§ **Source material**
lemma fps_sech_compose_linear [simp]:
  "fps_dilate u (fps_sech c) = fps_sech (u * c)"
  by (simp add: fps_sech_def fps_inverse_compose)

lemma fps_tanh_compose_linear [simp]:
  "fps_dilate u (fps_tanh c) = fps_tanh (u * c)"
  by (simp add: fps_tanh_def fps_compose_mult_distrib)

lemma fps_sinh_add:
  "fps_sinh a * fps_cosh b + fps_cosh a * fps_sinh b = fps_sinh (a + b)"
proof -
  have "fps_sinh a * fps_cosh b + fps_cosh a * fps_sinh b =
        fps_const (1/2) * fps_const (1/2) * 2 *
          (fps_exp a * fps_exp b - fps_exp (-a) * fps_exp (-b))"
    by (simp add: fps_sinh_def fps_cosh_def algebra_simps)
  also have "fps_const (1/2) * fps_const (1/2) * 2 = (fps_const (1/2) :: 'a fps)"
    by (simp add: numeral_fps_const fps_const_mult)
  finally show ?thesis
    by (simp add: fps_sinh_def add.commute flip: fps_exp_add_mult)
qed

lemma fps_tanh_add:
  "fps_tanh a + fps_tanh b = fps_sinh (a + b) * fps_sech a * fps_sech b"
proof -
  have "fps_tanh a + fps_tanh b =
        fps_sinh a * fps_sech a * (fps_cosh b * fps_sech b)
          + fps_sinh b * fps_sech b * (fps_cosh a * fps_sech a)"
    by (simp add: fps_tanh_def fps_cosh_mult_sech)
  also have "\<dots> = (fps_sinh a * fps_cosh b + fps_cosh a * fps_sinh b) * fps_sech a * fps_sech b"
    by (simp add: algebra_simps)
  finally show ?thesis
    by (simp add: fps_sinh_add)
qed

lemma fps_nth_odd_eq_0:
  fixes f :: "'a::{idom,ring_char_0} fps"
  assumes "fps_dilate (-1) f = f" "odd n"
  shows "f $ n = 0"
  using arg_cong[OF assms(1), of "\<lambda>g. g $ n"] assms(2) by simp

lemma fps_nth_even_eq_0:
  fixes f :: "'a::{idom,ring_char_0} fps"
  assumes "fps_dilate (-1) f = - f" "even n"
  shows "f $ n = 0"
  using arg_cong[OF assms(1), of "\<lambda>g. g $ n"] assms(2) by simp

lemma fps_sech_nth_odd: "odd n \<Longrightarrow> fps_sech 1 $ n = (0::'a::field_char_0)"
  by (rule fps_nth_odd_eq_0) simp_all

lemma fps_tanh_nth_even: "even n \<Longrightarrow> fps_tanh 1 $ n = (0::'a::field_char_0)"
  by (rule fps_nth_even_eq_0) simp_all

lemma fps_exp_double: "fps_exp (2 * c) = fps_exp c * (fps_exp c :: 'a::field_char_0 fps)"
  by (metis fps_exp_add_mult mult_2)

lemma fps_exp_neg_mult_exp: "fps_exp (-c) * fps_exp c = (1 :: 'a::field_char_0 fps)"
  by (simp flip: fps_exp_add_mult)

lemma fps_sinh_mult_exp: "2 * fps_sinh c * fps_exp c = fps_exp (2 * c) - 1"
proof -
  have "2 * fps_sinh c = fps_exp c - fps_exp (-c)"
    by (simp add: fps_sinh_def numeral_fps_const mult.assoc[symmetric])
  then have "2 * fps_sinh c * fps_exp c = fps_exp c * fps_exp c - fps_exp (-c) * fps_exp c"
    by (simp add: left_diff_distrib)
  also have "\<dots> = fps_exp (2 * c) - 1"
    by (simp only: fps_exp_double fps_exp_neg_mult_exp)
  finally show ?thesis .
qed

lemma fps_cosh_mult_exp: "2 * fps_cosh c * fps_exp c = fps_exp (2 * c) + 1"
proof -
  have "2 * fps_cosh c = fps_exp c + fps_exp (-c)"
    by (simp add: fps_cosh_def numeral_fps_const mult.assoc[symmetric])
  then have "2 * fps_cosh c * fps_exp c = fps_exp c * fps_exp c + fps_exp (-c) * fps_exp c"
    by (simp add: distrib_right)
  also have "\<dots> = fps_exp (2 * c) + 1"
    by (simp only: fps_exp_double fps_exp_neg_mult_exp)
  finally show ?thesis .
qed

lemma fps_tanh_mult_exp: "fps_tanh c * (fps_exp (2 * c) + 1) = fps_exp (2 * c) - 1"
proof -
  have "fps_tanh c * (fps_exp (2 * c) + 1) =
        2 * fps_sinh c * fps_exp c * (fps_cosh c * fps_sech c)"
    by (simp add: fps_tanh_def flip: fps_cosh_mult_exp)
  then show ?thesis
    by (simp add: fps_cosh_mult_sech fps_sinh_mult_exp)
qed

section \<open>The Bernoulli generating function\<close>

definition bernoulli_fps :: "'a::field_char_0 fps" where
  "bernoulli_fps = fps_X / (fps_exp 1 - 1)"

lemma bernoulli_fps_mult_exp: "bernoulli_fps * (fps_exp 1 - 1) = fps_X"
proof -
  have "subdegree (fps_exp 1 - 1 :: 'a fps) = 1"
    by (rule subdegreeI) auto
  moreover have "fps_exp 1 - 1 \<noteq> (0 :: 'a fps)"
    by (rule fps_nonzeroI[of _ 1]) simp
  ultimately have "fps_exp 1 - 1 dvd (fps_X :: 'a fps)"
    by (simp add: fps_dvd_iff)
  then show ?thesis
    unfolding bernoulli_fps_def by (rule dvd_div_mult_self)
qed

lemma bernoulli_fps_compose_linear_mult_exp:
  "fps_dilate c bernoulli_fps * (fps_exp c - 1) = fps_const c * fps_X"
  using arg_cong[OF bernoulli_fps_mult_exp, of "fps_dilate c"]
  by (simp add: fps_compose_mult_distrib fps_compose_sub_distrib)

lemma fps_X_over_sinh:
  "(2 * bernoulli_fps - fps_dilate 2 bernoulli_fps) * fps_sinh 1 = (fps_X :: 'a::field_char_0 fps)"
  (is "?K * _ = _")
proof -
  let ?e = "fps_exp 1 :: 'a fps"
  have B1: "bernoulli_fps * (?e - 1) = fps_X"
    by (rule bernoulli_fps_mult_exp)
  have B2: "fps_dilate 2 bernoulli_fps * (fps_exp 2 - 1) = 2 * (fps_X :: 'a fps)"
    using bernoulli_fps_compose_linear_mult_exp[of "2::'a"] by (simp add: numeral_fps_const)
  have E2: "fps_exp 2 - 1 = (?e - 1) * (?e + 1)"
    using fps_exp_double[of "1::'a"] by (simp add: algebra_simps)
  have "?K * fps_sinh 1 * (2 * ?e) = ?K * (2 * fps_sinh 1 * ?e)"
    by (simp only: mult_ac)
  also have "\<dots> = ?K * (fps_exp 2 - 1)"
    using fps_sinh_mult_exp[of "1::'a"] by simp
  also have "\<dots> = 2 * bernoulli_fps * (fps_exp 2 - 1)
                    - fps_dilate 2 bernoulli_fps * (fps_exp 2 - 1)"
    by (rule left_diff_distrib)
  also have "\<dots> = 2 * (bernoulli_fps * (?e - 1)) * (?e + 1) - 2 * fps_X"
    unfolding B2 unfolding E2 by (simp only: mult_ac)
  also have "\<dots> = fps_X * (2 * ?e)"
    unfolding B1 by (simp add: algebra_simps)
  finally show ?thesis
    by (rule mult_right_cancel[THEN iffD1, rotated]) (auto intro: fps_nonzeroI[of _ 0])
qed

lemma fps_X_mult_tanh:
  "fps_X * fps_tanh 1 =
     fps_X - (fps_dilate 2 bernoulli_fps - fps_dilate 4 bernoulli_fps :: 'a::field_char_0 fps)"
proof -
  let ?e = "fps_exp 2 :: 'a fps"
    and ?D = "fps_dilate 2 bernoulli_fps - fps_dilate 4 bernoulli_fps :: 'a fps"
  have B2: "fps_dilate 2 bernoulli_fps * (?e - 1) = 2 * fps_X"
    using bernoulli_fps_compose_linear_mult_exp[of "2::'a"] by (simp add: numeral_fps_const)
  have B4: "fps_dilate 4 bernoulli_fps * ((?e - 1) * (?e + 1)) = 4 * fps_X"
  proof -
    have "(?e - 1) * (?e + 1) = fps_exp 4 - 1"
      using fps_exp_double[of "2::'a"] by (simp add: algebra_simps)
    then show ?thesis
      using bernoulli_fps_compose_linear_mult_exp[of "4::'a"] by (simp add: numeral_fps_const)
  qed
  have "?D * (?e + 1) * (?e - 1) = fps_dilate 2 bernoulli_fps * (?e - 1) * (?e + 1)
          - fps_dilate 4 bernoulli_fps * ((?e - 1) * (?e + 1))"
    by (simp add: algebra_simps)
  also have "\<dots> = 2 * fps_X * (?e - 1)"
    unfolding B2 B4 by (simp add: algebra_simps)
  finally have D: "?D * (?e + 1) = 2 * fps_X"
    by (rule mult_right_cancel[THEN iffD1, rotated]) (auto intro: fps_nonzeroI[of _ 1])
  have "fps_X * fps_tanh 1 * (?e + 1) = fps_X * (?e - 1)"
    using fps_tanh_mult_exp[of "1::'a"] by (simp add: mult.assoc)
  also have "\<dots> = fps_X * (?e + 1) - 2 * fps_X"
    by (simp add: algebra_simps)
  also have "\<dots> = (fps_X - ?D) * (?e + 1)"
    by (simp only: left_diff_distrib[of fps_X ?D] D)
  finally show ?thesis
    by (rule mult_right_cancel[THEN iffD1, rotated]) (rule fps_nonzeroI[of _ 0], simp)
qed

---

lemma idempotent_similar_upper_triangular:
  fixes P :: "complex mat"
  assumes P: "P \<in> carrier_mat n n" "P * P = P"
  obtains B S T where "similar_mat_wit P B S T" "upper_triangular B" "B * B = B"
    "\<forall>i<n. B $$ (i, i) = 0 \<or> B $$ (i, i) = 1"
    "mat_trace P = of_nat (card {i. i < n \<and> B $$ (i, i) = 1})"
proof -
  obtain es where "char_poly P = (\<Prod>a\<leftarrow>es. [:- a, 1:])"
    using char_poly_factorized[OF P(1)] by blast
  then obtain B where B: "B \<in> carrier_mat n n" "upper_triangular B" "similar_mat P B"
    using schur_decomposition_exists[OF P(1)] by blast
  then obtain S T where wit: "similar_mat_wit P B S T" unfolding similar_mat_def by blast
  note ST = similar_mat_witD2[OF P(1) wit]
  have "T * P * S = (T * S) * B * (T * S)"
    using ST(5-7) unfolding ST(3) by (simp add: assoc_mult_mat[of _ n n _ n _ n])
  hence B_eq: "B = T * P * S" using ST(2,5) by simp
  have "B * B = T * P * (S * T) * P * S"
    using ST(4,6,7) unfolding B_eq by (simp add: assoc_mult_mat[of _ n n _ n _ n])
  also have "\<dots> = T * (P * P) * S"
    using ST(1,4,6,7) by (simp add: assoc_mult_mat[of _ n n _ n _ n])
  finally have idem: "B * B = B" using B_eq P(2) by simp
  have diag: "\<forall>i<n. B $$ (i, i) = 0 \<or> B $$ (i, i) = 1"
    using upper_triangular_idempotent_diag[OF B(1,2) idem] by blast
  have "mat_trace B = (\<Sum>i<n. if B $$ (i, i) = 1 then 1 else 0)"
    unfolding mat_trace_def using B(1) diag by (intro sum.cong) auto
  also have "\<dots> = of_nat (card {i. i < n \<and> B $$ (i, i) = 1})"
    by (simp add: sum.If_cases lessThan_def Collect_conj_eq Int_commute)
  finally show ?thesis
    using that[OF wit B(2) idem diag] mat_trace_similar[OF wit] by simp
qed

§ **Assignment**
Search the listing above for the lines with "fps_nonzeroI[of _ 0])" and "(fps_X - ?D)", then output those lines and all lines between them exactly.

§ **Result of this task**
    by (rule mult_right_cancel[THEN iffD1, rotated]) (auto intro: fps_nonzeroI[of _ 0])
qed

lemma fps_X_mult_tanh:
  "fps_X * fps_tanh 1 =
     fps_X - (fps_dilate 2 bernoulli_fps - fps_dilate 4 bernoulli_fps :: 'a::field_char_0 fps)"
proof -
  let ?e = "fps_exp 2 :: 'a fps"
    and ?D = "fps_dilate 2 bernoulli_fps - fps_dilate 4 bernoulli_fps :: 'a fps"
  have B2: "fps_dilate 2 bernoulli_fps * (?e - 1) = 2 * fps_X"
    using bernoulli_fps_compose_linear_mult_exp[of "2::'a"] by (simp add: numeral_fps_const)
  have B4: "fps_dilate 4 bernoulli_fps * ((?e - 1) * (?e + 1)) = 4 * fps_X"
  proof -
    have "(?e - 1) * (?e + 1) = fps_exp 4 - 1"
      using fps_exp_double[of "2::'a"] by (simp add: algebra_simps)
    then show ?thesis
      using bernoulli_fps_compose_linear_mult_exp[of "4::'a"] by (simp add: numeral_fps_const)
  qed
  have "?D * (?e + 1) * (?e - 1) = fps_dilate 2 bernoulli_fps * (?e - 1) * (?e + 1)
          - fps_dilate 4 bernoulli_fps * ((?e - 1) * (?e + 1))"
    by (simp add: algebra_simps)
  also have "\<dots> = 2 * fps_X * (?e - 1)"
    unfolding B2 B4 by (simp add: algebra_simps)
  finally have D: "?D * (?e + 1) = 2 * fps_X"
    by (rule mult_right_cancel[THEN iffD1, rotated]) (auto intro: fps_nonzeroI[of _ 1])
  have "fps_X * fps_tanh 1 * (?e + 1) = fps_X * (?e - 1)"
    using fps_tanh_mult_exp[of "1::'a"] by (simp add: mult.assoc)
  also have "\<dots> = fps_X * (?e + 1) - 2 * fps_X"
    by (simp add: algebra_simps)
  also have "\<dots> = (fps_X - ?D) * (?e + 1)"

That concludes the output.